Material supplied

[Start of section]

lemma card_corona_path_edge_sets:
  assumes "finite P" and "finite I" and "finite S"
  shows "card (base_edge ` P \<union> copy_edge ` I \<union> spoke ` S) = card P + card I + card S"
proof -
  have "inj_on base_edge P" and "inj_on copy_edge I" and "inj_on spoke S"
    by (auto simp: inj_on_def base_edge_def doubleton_eq_iff)
  moreover have "base_edge u \<noteq> copy_edge x" and "base_edge u \<noteq> spoke y" and "copy_edge x \<noteq> spoke y"
    for u x y
    by (cases x; cases y; simp add: base_edge_def doubleton_eq_iff)+
  then have "base_edge ` P \<inter> copy_edge ` I = {}"
    and "(base_edge ` P \<union> copy_edge ` I) \<inter> spoke ` S = {}"
    by blast+
  ultimately show ?thesis
    using assms by (simp add: card_Un_disjoint card_image)
qed

lemma card_corona_path:
  assumes "1 \<le> n" and "1 \<le> m"
  shows "card (fst (corona (path_graph n) (path_graph m)))
           + card (snd (corona (path_graph n) (path_graph m))) = 3 * n * m + n - 1"
proof -
  have "card (fst (corona (path_graph n) (path_graph m))) = n + n * m"
    unfolding corona_path_vertices by (simp add: card_Plus[unfolded Plus_def] card_cartesian_product)
  moreover have "card (snd (corona (path_graph n) (path_graph m))) = (n - 1) + n * (m - 1) + n * m"
    unfolding corona_path_edges by (simp add: card_corona_path_edge_sets card_cartesian_product)
  moreover obtain n' m' where "n = Suc n'" and "m = Suc m'"
    using assms by (cases n; cases m) auto
  ultimately show ?thesis
    by (simp add: algebra_simps)
qed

[End of section]

About this exercise
Only the lines above from the line containing "I \<union> spoke" through the line containing "using assms by (cases n; cases m) auto" should be retyped, exactly and with both ends included.

Output for this exercise
  shows "card (base_edge ` P \<union> copy_edge ` I \<union> spoke ` S) = card P + card I + card S"
proof -
  have "inj_on base_edge P" and "inj_on copy_edge I" and "inj_on spoke S"
    by (auto simp: inj_on_def base_edge_def doubleton_eq_iff)
  moreover have "base_edge u \<noteq> copy_edge x" and "base_edge u \<noteq> spoke y" and "copy_edge x \<noteq> spoke y"
    for u x y
    by (cases x; cases y; simp add: base_edge_def doubleton_eq_iff)+
  then have "base_edge ` P \<inter> copy_edge ` I = {}"
    and "(base_edge ` P \<union> copy_edge ` I) \<inter> spoke ` S = {}"
    by blast+
  ultimately show ?thesis
    using assms by (simp add: card_Un_disjoint card_image)
qed

lemma card_corona_path:
  assumes "1 \<le> n" and "1 \<le> m"
  shows "card (fst (corona (path_graph n) (path_graph m)))
           + card (snd (corona (path_graph n) (path_graph m))) = 3 * n * m + n - 1"
proof -
  have "card (fst (corona (path_graph n) (path_graph m))) = n + n * m"
    unfolding corona_path_vertices by (simp add: card_Plus[unfolded Plus_def] card_cartesian_product)
  moreover have "card (snd (corona (path_graph n) (path_graph m))) = (n - 1) + n * (m - 1) + n * m"
    unfolding corona_path_edges by (simp add: card_corona_path_edge_sets card_cartesian_product)
  moreover obtain n' m' where "n = Suc n'" and "m = Suc m'"
    using assms by (cases n; cases m) auto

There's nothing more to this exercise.